EXERCISE DIRECTIONS
Every record must be written out once more, with nothing added or omitted.

SUPPLIED DATA
text \<open>Conjugation by \<open>w\<close> permutes the transvections cyclically:
  \<open>w x_ij(a) w^-1 = x_(i+1)(j+1)(\<plusminus>a)\<close>, indices mod \<open>n\<close>. Over a prime field the powers of
  \<open>x_12(1)\<close> are all \<open>x_12(a)\<close>; conjugating gives every \<open>x_i(i+1)(a)\<close> and \<open>x_n1(a)\<close>, and the
  commutator identity \<open>[x_ij(a), x_jk(1)] = x_ik(a)\<close> then gives every transvection. These
  generate \<open>SL(n)\<close> by Gaussian elimination, and both generators have determinant 1.\<close>

section \<open>Elementary matrices\<close>

lemma square_mult_carrier_mat [simp]:
  "A \<in> carrier_mat n n \<Longrightarrow> B \<in> carrier_mat n n \<Longrightarrow> A * B \<in> carrier_mat n n"
  by (rule mult_carrier_mat)

lemma elem_x_carrier [simp]: "elem_x n i j a \<in> carrier_mat n n"
  by (simp add: elem_x_def)

lemma elem_x_dim [simp]: "dim_row (elem_x n i j a) = n" "dim_col (elem_x n i j a) = n"
  by (simp_all add: elem_x_def)

lemma index_elem_x [simp]:
  "r < n \<Longrightarrow> c < n \<Longrightarrow>
    elem_x n i j a $$ (r,c) = (if r = c then 1 else 0) + (if r = i \<and> c = j then a else 0)"
  by (simp add: elem_x_def)

lemma index_elem_x_mult:
  assumes "A \<in> carrier_mat n n" and "j < n" "r < n" "c < n"
  shows "(elem_x n i j a * A) $$ (r,c) = A $$ (r,c) + (if r = i then a * A $$ (j,c) else 0)"
  using assms
  by (simp add: scalar_prod_def distrib_right sum.distrib if_distrib[of "\<lambda>x. x * _"] cong: if_cong)

lemma elem_x_mult_elem_x:
  assumes "i \<noteq> j" "i < n" "j < n"
  shows "elem_x n i j a * elem_x n i j b = elem_x n i j (a + b)"
  by (rule eq_matI)
    (use assms in \<open>auto simp: index_elem_x_mult algebra_simps simp del: index_mult_mat(1)\<close>)

lemma elem_x_0: "elem_x n i j 0 = 1\<^sub>m n"
  by (rule eq_matI) auto

lemma elem_x_commutator:
  assumes "i \<noteq> j" "j \<noteq> k" "i \<noteq> k" "i < n" "j < n" "k < n"
  shows "elem_x n i j a * (elem_x n j k b * (elem_x n i j (-a) * elem_x n j k (-b))) =
    elem_x n i k (a * b)"
  by (rule eq_matI)
    (use assms in \<open>auto simp: index_elem_x_mult algebra_simps
      simp del: index_mult_mat(1)\<close>)

lemma det_elem_x:
  assumes "i \<noteq> j" "i < n" "j < n"
  shows "det (elem_x n i j a) = 1"
proof -
  have "det (elem_x n i j a) = prod_list (diag_mat (elem_x n i j a))"
  proof (cases "i < j")
    case True
    then show ?thesis by (intro det_upper_triangular upper_triangularI) auto
  next
    case False
    then show ?thesis by (intro det_lower_triangular[of n]) auto
  qed
  also have "\<dots> = 1"
    unfolding prod_list_diag_prod using assms by (intro prod.neutral) auto
  finally show ?thesis .
qed

lemma det_elem_x_mult:
  assumes "i \<noteq> j" "i < n" "j < n" "A \<in> carrier_mat n n"
  shows "det (elem_x n i j a * A) = det A"
  using det_mult[OF elem_x_carrier[of n i j a] assms(4)] det_elem_x[OF assms(1-3), of a] by simp

section \<open>The matrix \<open>w\<close>\<close>

definition cyc_succ :: "nat \<Rightarrow> nat \<Rightarrow> nat" where
  "cyc_succ n i = (if i = n - 1 then 0 else i + 1)"

definition cyc_pred :: "nat \<Rightarrow> nat \<Rightarrow> nat" where
  "cyc_pred n i = (if i = 0 then n - 1 else i - 1)"

text \<open>The nonzero entry of row \<open>r\<close> of \<open>w\<close>.\<close>
definition w_sign :: "nat \<Rightarrow> 'a::comm_ring_1" where
  "w_sign r = (if r = 0 then 1 else -1)"

lemma cyc_succ_less: "n \<ge> 2 \<Longrightarrow> i < n \<Longrightarrow> cyc_succ n i < n"
  by (auto simp: cyc_succ_def)

lemma cyc_pred_less: "n \<ge> 2 \<Longrightarrow> i < n \<Longrightarrow> cyc_pred n i < n"
  by (auto simp: cyc_pred_def)

lemma cyc_pred_eq_iff: "n \<ge> 2 \<Longrightarrow> i < n \<Longrightarrow> j < n \<Longrightarrow> (cyc_pred n i = j) = (i = cyc_succ n j)"
  by (auto simp: cyc_pred_def cyc_succ_def)

lemma cyc_succ_inj: "n \<ge> 2 \<Longrightarrow> i < n \<Longrightarrow> j < n \<Longrightarrow> (cyc_succ n i = cyc_succ n j) = (i = j)"
  by (auto simp: cyc_succ_def)

lemma cyc_pred_inj: "n \<ge> 2 \<Longrightarrow> i < n \<Longrightarrow> j < n \<Longrightarrow> (cyc_pred n i = cyc_pred n j) = (i = j)"
  by (auto simp: cyc_pred_def)

lemma w_sign_square [simp]: "w_sign r * w_sign r = (1::'a::comm_ring_1)"
  by (simp add: w_sign_def)

lemma w_mat_carrier [simp]: "w_mat n \<in> carrier_mat n n"
  by (simp add: w_mat_def)

lemma w_mat_dim [simp]: "dim_row (w_mat n) = n" "dim_col (w_mat n) = n"
  by (simp_all add: w_mat_def)

lemma index_w_mat:
  "n \<ge> 2 \<Longrightarrow> r < n \<Longrightarrow> c < n \<Longrightarrow> w_mat n $$ (r,c) = (if c = cyc_pred n r then w_sign r else 0)"
  by (auto simp: w_mat_def cyc_pred_def w_sign_def)

lemma index_w_mat_mult:
  assumes "n \<ge> 2" "A \<in> carrier_mat n n" "r < n" "c < n"
  shows "(w_mat n * A) $$ (r,c) = w_sign r * A $$ (cyc_pred n r, c)"
  using assms cyc_pred_less[OF assms(1,3)]
  by (simp add: scalar_prod_def index_w_mat if_distrib[of "\<lambda>x. x * _"] cong: if_cong)

lemma index_mult_w_mat:
  assumes "n \<ge> 2" "A \<in> carrier_mat n n" "r < n" "c < n"
  shows "(A * w_mat n) $$ (r,c) = A $$ (r, cyc_succ n c) * w_sign (cyc_succ n c)"
proof -
  have "\<And>l. l < n \<Longrightarrow> (c = cyc_pred n l) = (l = cyc_succ n c)"
    using assms by (auto simp: cyc_pred_def cyc_succ_def)
  then show ?thesis
    using assms cyc_succ_less[OF assms(1,4)]
    by (simp add: scalar_prod_def index_w_mat if_distrib[of "\<lambda>x. _ * x"] cong: if_cong)
qed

YOUR SOLUTION
text \<open>Conjugation by \<open>w\<close> permutes the transvections cyclically:
  \<open>w x_ij(a) w^-1 = x_(i+1)(j+1)(\<plusminus>a)\<close>, indices mod \<open>n\<close>. Over a prime field the powers of
  \<open>x_12(1)\<close> are all \<open>x_12(a)\<close>; conjugating gives every \<open>x_i(i+1)(a)\<close> and \<open>x_n1(a)\<close>, and the
  commutator identity \<open>[x_ij(a), x_jk(1)] = x_ik(a)\<close> then gives every transvection. These
  generate \<open>SL(n)\<close> by Gaussian elimination, and both generators have determinant 1.\<close>

section \<open>Elementary matrices\<close>

lemma square_mult_carrier_mat [simp]:
  "A \<in> carrier_mat n n \<Longrightarrow> B \<in> carrier_mat n n \<Longrightarrow> A * B \<in> carrier_mat n n"
  by (rule mult_carrier_mat)

lemma elem_x_carrier [simp]: "elem_x n i j a \<in> carrier_mat n n"
  by (simp add: elem_x_def)

lemma elem_x_dim [simp]: "dim_row (elem_x n i j a) = n" "dim_col (elem_x n i j a) = n"
  by (simp_all add: elem_x_def)

lemma index_elem_x [simp]:
  "r < n \<Longrightarrow> c < n \<Longrightarrow>
    elem_x n i j a $$ (r,c) = (if r = c then 1 else 0) + (if r = i \<and> c = j then a else 0)"
  by (simp add: elem_x_def)

lemma index_elem_x_mult:
  assumes "A \<in> carrier_mat n n" and "j < n" "r < n" "c < n"
  shows "(elem_x n i j a * A) $$ (r,c) = A $$ (r,c) + (if r = i then a * A $$ (j,c) else 0)"
  using assms
  by (simp add: scalar_prod_def distrib_right sum.distrib if_distrib[of "\<lambda>x. x * _"] cong: if_cong)

lemma elem_x_mult_elem_x:
  assumes "i \<noteq> j" "i < n" "j < n"
  shows "elem_x n i j a * elem_x n i j b = elem_x n i j (a + b)"
  by (rule eq_matI)
    (use assms in \<open>auto simp: index_elem_x_mult algebra_simps simp del: index_mult_mat(1)\<close>)

lemma elem_x_0: "elem_x n i j 0 = 1\<^sub>m n"
  by (rule eq_matI) auto

lemma elem_x_commutator:
  assumes "i \<noteq> j" "j \<noteq> k" "i \<noteq> k" "i < n" "j < n" "k < n"
  shows "elem_x n i j a * (elem_x n j k b * (elem_x n i j (-a) * elem_x n j k (-b))) =
    elem_x n i k (a * b)"
  by (rule eq_matI)
    (use assms in \<open>auto simp: index_elem_x_mult algebra_simps
      simp del: index_mult_mat(1)\<close>)

lemma det_elem_x:
  assumes "i \<noteq> j" "i < n" "j < n"
  shows "det (elem_x n i j a) = 1"
proof -
  have "det (elem_x n i j a) = prod_list (diag_mat (elem_x n i j a))"
  proof (cases "i < j")
    case True
    then show ?thesis by (intro det_upper_triangular upper_triangularI) auto
  next
    case False
    then show ?thesis by (intro det_lower_triangular[of n]) auto
  qed
  also have "\<dots> = 1"
    unfolding prod_list_diag_prod using assms by (intro prod.neutral) auto
  finally show ?thesis .
qed

lemma det_elem_x_mult:
  assumes "i \<noteq> j" "i < n" "j < n" "A \<in> carrier_mat n n"
  shows "det (elem_x n i j a * A) = det A"
  using det_mult[OF elem_x_carrier[of n i j a] assms(4)] det_elem_x[OF assms(1-3), of a] by simp

section \<open>The matrix \<open>w\<close>\<close>

definition cyc_succ :: "nat \<Rightarrow> nat \<Rightarrow> nat" where
  "cyc_succ n i = (if i = n - 1 then 0 else i + 1)"

definition cyc_pred :: "nat \<Rightarrow> nat \<Rightarrow> nat" where
  "cyc_pred n i = (if i = 0 then n - 1 else i - 1)"

text \<open>The nonzero entry of row \<open>r\<close> of \<open>w\<close>.\<close>
definition w_sign :: "nat \<Rightarrow> 'a::comm_ring_1" where
  "w_sign r = (if r = 0 then 1 else -1)"

lemma cyc_succ_less: "n \<ge> 2 \<Longrightarrow> i < n \<Longrightarrow> cyc_succ n i < n"
  by (auto simp: cyc_succ_def)

lemma cyc_pred_less: "n \<ge> 2 \<Longrightarrow> i < n \<Longrightarrow> cyc_pred n i < n"
  by (auto simp: cyc_pred_def)

lemma cyc_pred_eq_iff: "n \<ge> 2 \<Longrightarrow> i < n \<Longrightarrow> j < n \<Longrightarrow> (cyc_pred n i = j) = (i = cyc_succ n j)"
  by (auto simp: cyc_pred_def cyc_succ_def)

lemma cyc_succ_inj: "n \<ge> 2 \<Longrightarrow> i < n \<Longrightarrow> j < n \<Longrightarrow> (cyc_succ n i = cyc_succ n j) = (i = j)"
  by (auto simp: cyc_succ_def)

lemma cyc_pred_inj: "n \<ge> 2 \<Longrightarrow> i < n \<Longrightarrow> j < n \<Longrightarrow> (cyc_pred n i = cyc_pred n j) = (i = j)"
  by (auto simp: cyc_pred_def)

lemma w_sign_square [simp]: "w_sign r * w_sign r = (1::'a::comm_ring_1)"
  by (simp add: w_sign_def)

lemma w_mat_carrier [simp]: "w_mat n \<in> carrier_mat n n"
  by (simp add: w_mat_def)

lemma w_mat_dim [simp]: "dim_row (w_mat n) = n" "dim_col (w_mat n) = n"
  by (simp_all add: w_mat_def)

lemma index_w_mat:
  "n \<ge> 2 \<Longrightarrow> r < n \<Longrightarrow> c < n \<Longrightarrow> w_mat n $$ (r,c) = (if c = cyc_pred n r then w_sign r else 0)"
  by (auto simp: w_mat_def cyc_pred_def w_sign_def)

lemma index_w_mat_mult:
  assumes "n \<ge> 2" "A \<in> carrier_mat n n" "r < n" "c < n"
  shows "(w_mat n * A) $$ (r,c) = w_sign r * A $$ (cyc_pred n r, c)"
  using assms cyc_pred_less[OF assms(1,3)]
  by (simp add: scalar_prod_def index_w_mat if_distrib[of "\<lambda>x. x * _"] cong: if_cong)

lemma index_mult_w_mat:
  assumes "n \<ge> 2" "A \<in> carrier_mat n n" "r < n" "c < n"
  shows "(A * w_mat n) $$ (r,c) = A $$ (r, cyc_succ n c) * w_sign (cyc_succ n c)"
proof -
  have "\<And>l. l < n \<Longrightarrow> (c = cyc_pred n l) = (l = cyc_succ n c)"
    using assms by (auto simp: cyc_pred_def cyc_succ_def)
  then show ?thesis
    using assms cyc_succ_less[OF assms(1,4)]
    by (simp add: scalar_prod_def index_w_mat if_distrib[of "\<lambda>x. _ * x"] cong: if_cong)
qed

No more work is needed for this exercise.